Where Do I Start With Consuming Source Files That can be Queries in Fabric Data Warehouse

dnauflett · ‎06-25-2024

Hello,

I know how to do this in AWS, but want to make sure I start on the correct path with MicroSoft Fabric Warehouse. We receive 520 files from our core system everyday. We want to create a persistent stage in Azure Fabric Warehouse, so our DGO team can query this data historically (we only Stage one days worth of data in SQLServer for Warehouse processing). We have to manually load the day they want to inspect into SQLServer, which is painful for everyone.

The files themsoelves do NOT have column headers nor do they all have Dates in them to denote the Business Effective Date of the data within. We do have meta-data for each table to let a process know the struture. We can easily transform this meta-data so it can be used by Fabric so it can know the struture for each file. The names of the individual file will be the same everyday. We have an internal process for moving files (move-it) within our company that can write to Azure.

In another life, we used AWS S3 to place each days file in a dictory (Date Named: 20240625 as a example) and used the Date on the folders as the Business Effective Date. We used a crawler that crawled the directory and made new data available. Was looking to do something similar. In Azure Fabric. Just dont know where to start with Azure for accomplishing this.

So my qustions. Within the Fabric eco system what is the best strategy for getting those daily files loaded into Fabric so they can be queried accross multiple days.

frithjof_v · ‎06-25-2024

What BI tool will you use? (Power BI?)

Will you query the files directly from your BI tool? Or will you load the data from the files into delta tables first, and then query the delta tables from your BI tool?

Could you write the contents of your files into a Delta table (by using Notebook), and use Notebook to add the Business Effective Date as a column in the Delta table?

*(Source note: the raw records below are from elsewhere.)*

lemma exists_preimage_in_Inter_within_metric_nbhd:
  assumes "mcomplete" and f: "continuous_map mtopology X f"
    and closed: "closedin (prod_topology X X) {(a, b). a \<in> topspace X \<and> b \<in> topspace X \<and> \<delta> a b \<le> e}"
    and x: "x \<in> metric_nbhd X \<delta> (f ` M) e"
    and refine: "\<And>U n. U \<in> insert M ((\<lambda>(c, r). mball c r) ` (D \<times> (\<rat> \<inter> {0<..}))) \<Longrightarrow>
        x \<in> metric_nbhd X \<delta> (f ` U) e \<Longrightarrow>
        x \<in> metric_nbhd X \<delta> (f ` \<Union>(small_rational_balls D (U \<inter> W n) (1 / Suc n))) e"
  shows "\<exists>y\<in>M \<inter> (\<Inter>n. W n). \<delta> x (f y) \<le> e"
proof -
  define Q where "Q = {u \<in> M. \<delta> x (f u) < e}"
  have xX: "x \<in> topspace X"
    using x by (simp add: in_metric_nbhd)
  have near: "x \<in> metric_nbhd X \<delta> (f ` U) e \<longleftrightarrow> U \<inter> Q \<noteq> {}" if "U \<subseteq> M" for U
    using that xX by (auto simp: in_metric_nbhd Q_def)
  have "closedin mtopology {u \<in> topspace mtopology. f u \<in> {b \<in> topspace X. \<delta> x b \<le> e}}"
    using closedin_distance_sublevel[OF closed xX] by (rule closedin_continuous_map_preimage[OF f])
  moreover have "{u \<in> topspace mtopology. f u \<in> {b \<in> topspace X. \<delta> x b \<le> e}} = {u \<in> M. \<delta> x (f u) \<le> e}"
    using f by (auto simp: continuous_map_def)
  ultimately have "closedin mtopology {u \<in> M. \<delta> x (f u) \<le> e}"
    by simp
  then have "mtopology closure_of Q \<subseteq> {u \<in> M. \<delta> x (f u) \<le> e}"
    by (rule closure_of_minimal[rotated]) (auto simp: Q_def)
  moreover have "mtopology closure_of Q \<inter> (\<Inter>n. W n) \<noteq> {}"
  proof (rule mcomplete_nested_balls_meet_closure[OF \<open>mcomplete\<close>, where R = "D \<times> (\<rat> \<inter> {0<..})"])
    show "M \<inter> Q \<noteq> {}"
      using near[of M] x by blast
    fix U n
    assume U: "U \<in> insert M ((\<lambda>(c, r). mball c r) ` (D \<times> (\<rat> \<inter> {0<..})))" "U \<inter> Q \<noteq> {}"
    moreover have "U \<subseteq> M"
      using U(1) by auto
    ultimately have "x \<in> metric_nbhd X \<delta> (f ` \<Union>(small_rational_balls D (U \<inter> W n) (1 / Suc n))) e"
      using refine near by blast
    then obtain B where B: "B \<in> small_rational_balls D (U \<inter> W n) (1 / Suc n)" "x \<in> metric_nbhd X \<delta> (f ` B) e"
      by (auto simp: in_metric_nbhd)
    then obtain c r where cr: "B = mball c r" "c \<in> D" "r \<in> \<rat>" "0 < r" "r < 1 / Suc n" "mcball c r \<subseteq> U \<inter> W n"
      unfolding small_rational_balls_def by blast
    moreover have "mball c r \<inter> Q \<noteq> {}"
      using near[OF mball_subset_mspace] B(2) cr(1) by simp
    ultimately show "\<exists>(c, r)\<in>D \<times> (\<rat> \<inter> {0<..}). r < 1 / Suc n \<and> mcball c r \<subseteq> U \<inter> W n \<and> mball c r \<inter> Q \<noteq> {}"
      by (intro bexI[of _ "(c, r)"]) auto
  qed
  ultimately show ?thesis
    by fastforce
qed

lemma diff_closure_of_subset_UN_far:
  assumes "S \<subseteq> M"
  shows "M - mtopology closure_of S \<subseteq> (\<Union>k. {x \<in> M. \<forall>y\<in>S. 1 / Suc k < d x y})"
proof
  fix x assume x: "x \<in> M - mtopology closure_of S"
  then obtain r where "r > 0" and r: "\<forall>y\<in>S. y \<notin> mball x r"
    by (auto simp: metric_closure_of)
  then obtain k where "inverse (real (Suc k)) < r"
    using reals_Archimedean by blast
  then have "\<forall>y\<in>S. 1 / Suc k < d x y"
    using r x assms by (fastforce simp: inverse_eq_divide)
  then show "x \<in> (\<Union>k. {x \<in> M. \<forall>y\<in>S. 1 / Suc k < d x y})"
    using x by blast
qed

View solution in original post

dnauflett · ‎06-25-2024

Thanks frithjof_v,

From what I was reading, I think you confirmed that I need to park the actual files in Lakehouse. I was just wondering how to get the meta-data layer on top of them so we can query lake house and the files using our BI tool.

frithjof_v · ‎06-25-2024

What BI tool will you use? (Power BI?)

Will you query the files directly from your BI tool? Or will you load the data from the files into delta tables first, and then query the delta tables from your BI tool?

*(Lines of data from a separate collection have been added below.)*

(* Let $k\ge1$, let $G$ and $H$ be simple graphs on at most $n$ vertices, and let $f_k(n)=2k\cdot4^{n^{2k}}$. Then $\hom(F,G)=\hom(F,H)$ for every underlying graph $F$ of a member of $\mathcal P_k$ if and only if $\hom(F,G)=\hom(F,H)$ for every underlying graph $F$ of a member of $\mathcal P_k$ having at most $f_k(n)$ vertices.
   Context: $\hom(F,G)$ is the number of homomorphisms $F\to G$. A $(k,k)$-bilabelled graph is $\boldsymbol F=(F,\boldsymbol u,\boldsymbol v)$, $\boldsymbol u,\boldsymbol v\in V(F)^k$, with underlying graph $F$. Series composition $\boldsymbol F\cdot\boldsymbol F'$: disjoint union with $v_i$ identified with $u'_i$, multiple edges removed, labels $(\boldsymbol u,\boldsymbol v')$. Parallel composition $\boldsymbol F\odot\boldsymbol F'$: identify $u_i$ with $u'_i$, $v_i$ with $v'_i$, multiple edges removed. For $\sigma\in\mathfrak S_{2k}$, $\boldsymbol F^\sigma$ has in-labels $(w_{\sigma(1)},\dots,w_{\sigma(k)})$, out-labels $(w_{\sigma(k+1)},\dots,w_{\sigma(2k)})$, $\boldsymbol w=\boldsymbol u\boldsymbol v$. $\mathscr C_k$ = cyclic group of rotations of $(1,\dots,k,2k,\dots,k+1)$. Bilabelled minors: via edge contraction, edge deletion, deletion of unlabelled vertices. $\boldsymbol C_k$: vertices $[2k]$, in-labels $(1,\dots,k)$, out-labels $(k+1,\dots,2k)$, edges $\{i,i+1\}$ ($i\in[2k]\setminus\{k,2k\}$), $\{1,k+1\},\{k,2k\}$; $\boldsymbol M_k$: same vertices/labels, edges $\{i,i+k\}$. $\mathcal Q_k^P,\mathcal Q_k^S$ = bilabelled minors of $\boldsymbol C_k,\boldsymbol M_k$; $\mathcal Q_k$ their union. $\mathcal P_k$ = smallest class containing $\mathcal Q_k$, closed under series composition, $\boldsymbol F\mapsto\boldsymbol F\odot\boldsymbol Q$ ($\boldsymbol Q\in\mathcal Q_k^P$), and $\boldsymbol F\mapsto\boldsymbol F^\sigma$ ($\sigma\in\mathscr C_k$). *)

theory Defs
  imports "HOL-Library.FuncSet"
begin

text \<open>A graph: vertex set and edge set; an edge is a set of one (loop) or two vertices.\<close>
record 'a sgraph =
  gverts :: "'a set"
  gedges :: "'a set set"

definition simple_graph :: "'a sgraph \<Rightarrow> bool" where
  "simple_graph G \<longleftrightarrow> finite (gverts G) \<and>
     (\<forall>e\<in>gedges G. e \<subseteq> gverts G \<and> card e = 2)"

definition hom :: "'b sgraph \<Rightarrow> 'a sgraph \<Rightarrow> nat" where
  "hom F G = card {h \<in> gverts F \<rightarrow>\<^sub>E gverts G. \<forall>e\<in>gedges F. h ` e \<in> gedges G}"

record bgraph =
  bverts :: "nat set"
  bedges :: "nat set set"
  inl :: "nat list"
  outl :: "nat list"

definition ug :: "bgraph \<Rightarrow> nat sgraph" where
  "ug F = \<lparr>gverts = bverts F, gedges = bedges F\<rparr>"

definition bmap :: "(nat \<Rightarrow> nat) \<Rightarrow> bgraph \<Rightarrow> bgraph" where
  "bmap q F = \<lparr>bverts = q ` bverts F, bedges = (\<lambda>e. q ` e) ` bedges F,
               inl = map q (inl F), outl = map q (outl F)\<rparr>"

text \<open>Identify vertices according to the equivalence relation generated by the pairs P;
  every vertex is sent to the least element of its class (multiple edges disappear
  since edges form a set).\<close>
definition glue :: "(nat \<times> nat) set \<Rightarrow> bgraph \<Rightarrow> bgraph" where
  "glue P F = bmap (\<lambda>x. Min {y. (x, y) \<in> (P \<union> P\<inverse>)\<^sup>*}) F"

definition ev :: "nat \<Rightarrow> nat" where "ev x = 2 * x"
definition od :: "nat \<Rightarrow> nat" where "od x = 2 * x + 1"

definition series :: "bgraph \<Rightarrow> bgraph \<Rightarrow> bgraph" where
  "series F F' = glue (set (zip (map ev (outl F)) (map od (inl F'))))
     \<lparr>bverts = ev ` bverts F \<union> od ` bverts F',
      bedges = (\<lambda>e. ev ` e) ` bedges F \<union> (\<lambda>e. od ` e) ` bedges F',
      inl = map ev (inl F), outl = map od (outl F')\<rparr>"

Could you write the contents of your files into a Delta table (by using Notebook), and use Notebook to add the Business Effective Date as a column in the Delta table?

dnauflett · ‎07-01-2024

We are going to continue using MicroStrategy. After months of trying and multiple high end consultants, we can't get Power BI to do Multi Fact Table analysis.

The plan is to query the data from MicroStrategy. I'm very new to the MicroSoft eco system and did not know how to get started. Not having File headers is definitly a complicating matter. I'm a little familur with Pipelines, but never used Notebook. Would I have to write a Notebook job for each file? or can it use Meta-data? I'm going to start reading about Note book.

frithjof_v · ‎07-01-2024

I'm not quite sure what is meant by Multi Fact Table analysis.

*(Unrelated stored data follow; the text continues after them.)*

lemma diam_eq_Max_image: "diam V E = Max ((\<lambda>(u, w). gdist V E u w) ` (V \<times> V))"
proof -
  have "{gdist V E u w | u w. u \<in> V \<and> w \<in> V} = (\<lambda>(u, w). gdist V E u w) ` (V \<times> V)"
    by auto
  then show ?thesis unfolding diam_def by simp
qed

locale sgraph =
  fixes V :: "'a set" and E :: "'a \<Rightarrow> 'a \<Rightarrow> bool"
  assumes simple: "simple_graph V E"
begin

abbreviation N :: "'a \<Rightarrow> 'a set" where "N \<equiv> nbhd V E"

lemma finite_V: "finite V"
  using simple unfolding simple_graph_def by blast

lemma edge_in_V: "E u v \<Longrightarrow> u \<in> V \<and> v \<in> V"
  using simple unfolding simple_graph_def by blast

lemma edge_sym: "E u v \<Longrightarrow> E v u"
  using simple unfolding simple_graph_def by blast

lemma edge_irrefl: "\<not> E u u"
  using simple unfolding simple_graph_def by blast

lemma in_nbhd_iff: "x \<in> N v \<longleftrightarrow> E v x"
  unfolding nbhd_def using edge_in_V by auto

lemma nbhd_subset: "N v \<subseteq> V"
  unfolding nbhd_def by auto

lemma finite_nbhd: "finite (N v)"
  using finite_subset[OF nbhd_subset finite_V] .

lemma card_nbhd_Int_less:
  assumes "a \<in> N v"
  shows "card (N a \<inter> N v) < deg V E v"
proof -
  have "a \<notin> N a" using edge_irrefl in_nbhd_iff by blast
  then have "N a \<inter> N v \<subset> N v" using assms by blast
  then show ?thesis unfolding deg_def by (rule psubset_card_mono[OF finite_nbhd])
qed

end

locale connected_sgraph = sgraph +
  assumes connected: "connected_graph V E"
begin

lemma reach_ex: "u \<in> V \<Longrightarrow> v \<in> V \<Longrightarrow> \<exists>k. reach V E k u v"
  using connected unfolding connected_graph_def reach_def walk_def
  by (metis Suc_pred' length_greater_0_conv)

lemma reach_gdist_V: "u \<in> V \<Longrightarrow> v \<in> V \<Longrightarrow> reach V E (gdist V E u v) u v"
  using reach_ex reach_gdist by metis

lemma gdist_self: "u \<in> V \<Longrightarrow> gdist V E u u = 0"
  using gdist_le[of V E 0 u u] by (simp add: reach_0_iff)

lemma gdist_eq_0_iff: "u \<in> V \<Longrightarrow> v \<in> V \<Longrightarrow> gdist V E u v = 0 \<longleftrightarrow> u = v"
  using reach_gdist_V[of u v] gdist_self by (auto simp: reach_0_iff)

lemma gdist_edge: "v \<in> V \<Longrightarrow> E a x \<Longrightarrow> gdist V E v x \<le> Suc (gdist V E v a)"
  using gdist_le[OF reach_snoc[OF reach_gdist_V]] edge_in_V by metis

lemma gdist_SucE:
  assumes "v \<in> V" "x \<in> V" "gdist V E v x = Suc k"
  obtains y where "y \<in> V" "E y x" "gdist V E v y = k"
proof -
  obtain y where y: "reach V E k v y" "E y x"
    using reach_gdist_V[OF assms(1,2)] assms(3) by (auto elim: reach_SucD)
  have "gdist V E v y = k"
    using gdist_le[OF y(1)] gdist_edge[OF assms(1) y(2)] assms(3) by simp
  then show ?thesis using that y(2) edge_in_V by blast
qed

lemma gdist_intermediate:
  assumes "v \<in> V" "x \<in> V" "j \<le> gdist V E v x"
  shows "\<exists>y\<in>V. gdist V E v y = j"
  using assms(2,3)
proof (induction "gdist V E v x" arbitrary: x)
  case 0
  then show ?case by auto
next
  case (Suc k)
  show ?case
  proof (cases "j = Suc k")
    case True
    then show ?thesis using Suc.hyps(2) Suc.prems(1) by auto
  next
    case False
    obtain y where "y \<in> V" "gdist V E v y = k"
      using gdist_SucE[OF assms(1) Suc.prems(1) Suc.hyps(2)[symmetric]] by blast
    with Suc.hyps(1) Suc.hyps(2) Suc.prems(2) False show ?thesis by force
  qed
qed

definition layer :: "'a \<Rightarrow> nat \<Rightarrow> 'a set" where
  "layer v i = {y \<in> V. gdist V E v y = i}"

lemma finite_layer: "finite (layer v i)"
  unfolding layer_def using finite_V by simp

lemma layer_0: "v \<in> V \<Longrightarrow> layer v 0 = {v}"
  unfolding layer_def using gdist_eq_0_iff by auto

lemma layer_1:
  assumes "v \<in> V"
  shows "layer v 1 = N v"
proof (intro equalityI subsetI)
  fix x assume "x \<in> layer v 1"
  then obtain y where "E y x" "gdist V E v y = 0" "y \<in> V" "x \<in> V"
    using gdist_SucE[OF assms, of x 0] unfolding layer_def by auto
  then show "x \<in> N v" using gdist_eq_0_iff[OF assms] in_nbhd_iff by blast
next
  fix x assume "x \<in> N v"
  then have "E v x" "x \<in> V" using in_nbhd_iff nbhd_subset by auto
  moreover have "x \<noteq> v" using \<open>E v x\<close> edge_irrefl by blast
  ultimately show "x \<in> layer v 1"
    using gdist_edge[OF assms \<open>E v x\<close>] gdist_self[OF assms] gdist_eq_0_iff[OF assms]
    unfolding layer_def by fastforce
qed

lemma diam_attained: "\<exists>u\<in>V. \<exists>w\<in>V. gdist V E u w = diam V E"
proof -
  have "V \<noteq> {}" using connected unfolding connected_graph_def by blast
  then have "diam V E \<in> (\<lambda>(u, w). gdist V E u w) ` (V \<times> V)"
    unfolding diam_eq_Max_image using finite_V by (intro Max_in) auto
  then show ?thesis by force
qed

lemma gdist_le_diam: "u \<in> V \<Longrightarrow> w \<in> V \<Longrightarrow> gdist V E u w \<le> diam V E"
  unfolding diam_eq_Max_image using finite_V by (auto intro!: Max_ge)

lemma closed_nbhd_of_farthest_subset:
  assumes v: "v \<in> V" and w: "w \<in> V" "gdist V E v w = diam V E"
  shows "insert w (N w) \<subseteq> layer v (diam V E - 1) \<union> layer v (diam V E)"
proof
  fix y assume "y \<in> insert w (N w)"
  then consider "y = w" | "E y w" "y \<in> V" using in_nbhd_iff edge_sym nbhd_subset by blast
  then show "y \<in> layer v (diam V E - 1) \<union> layer v (diam V E)"
  proof cases
    case 2
    then show ?thesis
      using gdist_edge[OF v \<open>E y w\<close>] gdist_le_diam[OF v \<open>y \<in> V\<close>] w(2)
      unfolding layer_def by auto
  qed (use w in \<open>auto simp: layer_def\<close>)
qed

end

section \<open>Locally Dirac graphs\<close>

locale ldirac_sgraph = sgraph +
  assumes dirac: "locally_dirac V E"
begin

lemma deg_le_twice_common_nbhd:
  assumes "E v u"
  shows "deg V E v \<le> 2 * card (N v \<inter> N u)"
proof -
  have "v \<in> V" "u \<in> N v" using assms edge_in_V in_nbhd_iff by auto
  then have "real (deg V E v) / 2 \<le> real (card (N v \<inter> N u))"
    using dirac deg_induced_nbhd[of u V E v] unfolding locally_dirac_def by fastforce
  then show ?thesis by linarith
qed

lemma card_common_nbhd_ge_2:
  assumes "E w p" "E w x" "p \<noteq> x" "\<not> E p x"
  shows "2 \<le> card (N w \<inter> N p \<inter> N x)"
proof -
  let ?A = "N w \<inter> N p" and ?B = "N w \<inter> N x"
  have px: "{p, x} \<subseteq> N w" using assms(1,2) in_nbhd_iff by blast
  have "p \<notin> N p" "x \<notin> N x" "p \<notin> N x" "x \<notin> N p"
    using assms(4) edge_irrefl edge_sym in_nbhd_iff by blast+
  then have "(?A \<union> ?B) \<union> {p, x} \<subseteq> N w" "(?A \<union> ?B) \<inter> {p, x} = {}"
    using px by blast+
  then have "card (?A \<union> ?B) + card {p, x} \<le> deg V E w"
    unfolding deg_def using finite_nbhd card_mono card_Un_disjoint
    by (metis finite_Un finite_subset)
  moreover have "card {p, x} = 2" using assms(3) by simp
  moreover have "card ?A + card ?B = card (?A \<union> ?B) + card (N w \<inter> N p \<inter> N x)"
    using card_Un_Int[of ?A ?B] finite_nbhd by (simp add: Int_ac)
  moreover have "deg V E w \<le> 2 * card ?A" "deg V E w \<le> 2 * card ?B"
    using assms(1,2) deg_le_twice_common_nbhd by blast+
  ultimately show ?thesis by linarith
qed

end

locale connected_ldirac_sgraph = connected_sgraph + ldirac_sgraph
begin

lemma card_nbhd_prev_layer_ge_3:
  assumes v: "v \<in> V" and x: "x \<in> V" "gdist V E v x = Suc (Suc i)"
  shows "3 \<le> card (N x \<inter> layer v (Suc i))"
proof -
  obtain w where w: "w \<in> V" "E w x" "gdist V E v w = Suc i"
    using gdist_SucE[OF v x] by blast
  obtain p where p: "E p w" "gdist V E v p = i"
    using gdist_SucE[OF v w(1,3)] by blast
  have "\<not> E p x" "p \<noteq> x" using gdist_edge[OF v, of p x] p(2) x(2) by auto
  then have "2 \<le> card (N w \<inter> N p \<inter> N x)"
    using card_common_nbhd_ge_2 edge_sym[OF p(1)] w(2) by blast
  moreover have "w \<notin> N w" using edge_irrefl in_nbhd_iff by auto
  moreover have "N w \<inter> N p \<inter> N x \<subseteq> layer v (Suc i)"
  proof
    fix y assume "y \<in> N w \<inter> N p \<inter> N x"
    then have "E p y" "E y x" "y \<in> V" using in_nbhd_iff edge_sym edge_in_V by blast+
    then show "y \<in> layer v (Suc i)"
      using gdist_edge[OF v \<open>E p y\<close>] gdist_edge[OF v \<open>E y x\<close>] p(2) x(2)
      unfolding layer_def by simp
  qed
  then have "insert w (N w \<inter> N p \<inter> N x) \<subseteq> N x \<inter> layer v (Suc i)"
    using w edge_sym[OF w(2)] in_nbhd_iff unfolding layer_def by blast
  ultimately show ?thesis
    using card_mono[of "N x \<inter> layer v (Suc i)" "insert w (N w \<inter> N p \<inter> N x)"]
      finite_nbhd finite_layer by (simp add: card_insert_if)
qed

If it is the same as Multi Fact Star Schema, then it should be quite straightforward to work with it in Power BI. https://community.fabric.microsoft.com/t5/Desktop/creating-a-multi-fact-star-schema/m-p/272010

I don't have experience with Microstrategy.

I think it should be possible with only one notebook for all the files. The notebook should be able to loop through the files, and do transformations, adding schema, column headers, etc. by using python code. I don't have super much experience with notebook, and I am not sure what a crawler is, but I think notebook should be good for working with manipulating files in directories, adding schema (column headers) and writing to tables like delta tables.

Notebook can be run on a schedule, or triggered by a Data pipeline.

If you can share some screenshots or illustrations of the files and the data structures you will be working with, it could be easier to understand and give suggestions.

v-cboorla-msft · ‎06-26-2024

Hi @dnauflett

Thanks for using Microsoft Fabric Community.

We haven’t heard from you on the last response and was just checking back to see if you have a resolution yet. In case if you have any resolution please do share that same with the community as it can be helpful to others. Otherwise, will respond back with the more details and we will try to help.

Thank you.

v-cboorla-msft · ‎06-30-2024

Hi @dnauflett

We haven’t heard from you on the last response and was just checking back to see if you have a resolution yet. In case if you have any resolution please do share that same with the community as it can be helpful to others. If you have any question relating to the current thread, please do let us know and we will try out best to help you. In case if you have any other question on a different issue, we request you to open a new thread.

Thank you.

dnauflett · ‎07-01-2024

Sorry for my slow responses, I'm trying to figure out how to get started. I'm going to do some reading on Notebook to see if we could use it. We have about 520 files that we need to expose daily. I was hoping Fabric had some type of crawler that could crawl a directory struture and use Meta-data to define and expose the data for our BI tool.

frithjof_v · ‎06-25-2024

I've never done something like that before, but if you want to use files and directories I think you need to use the Lakehouse (for storing and working with the directories and files) instead of the Warehouse.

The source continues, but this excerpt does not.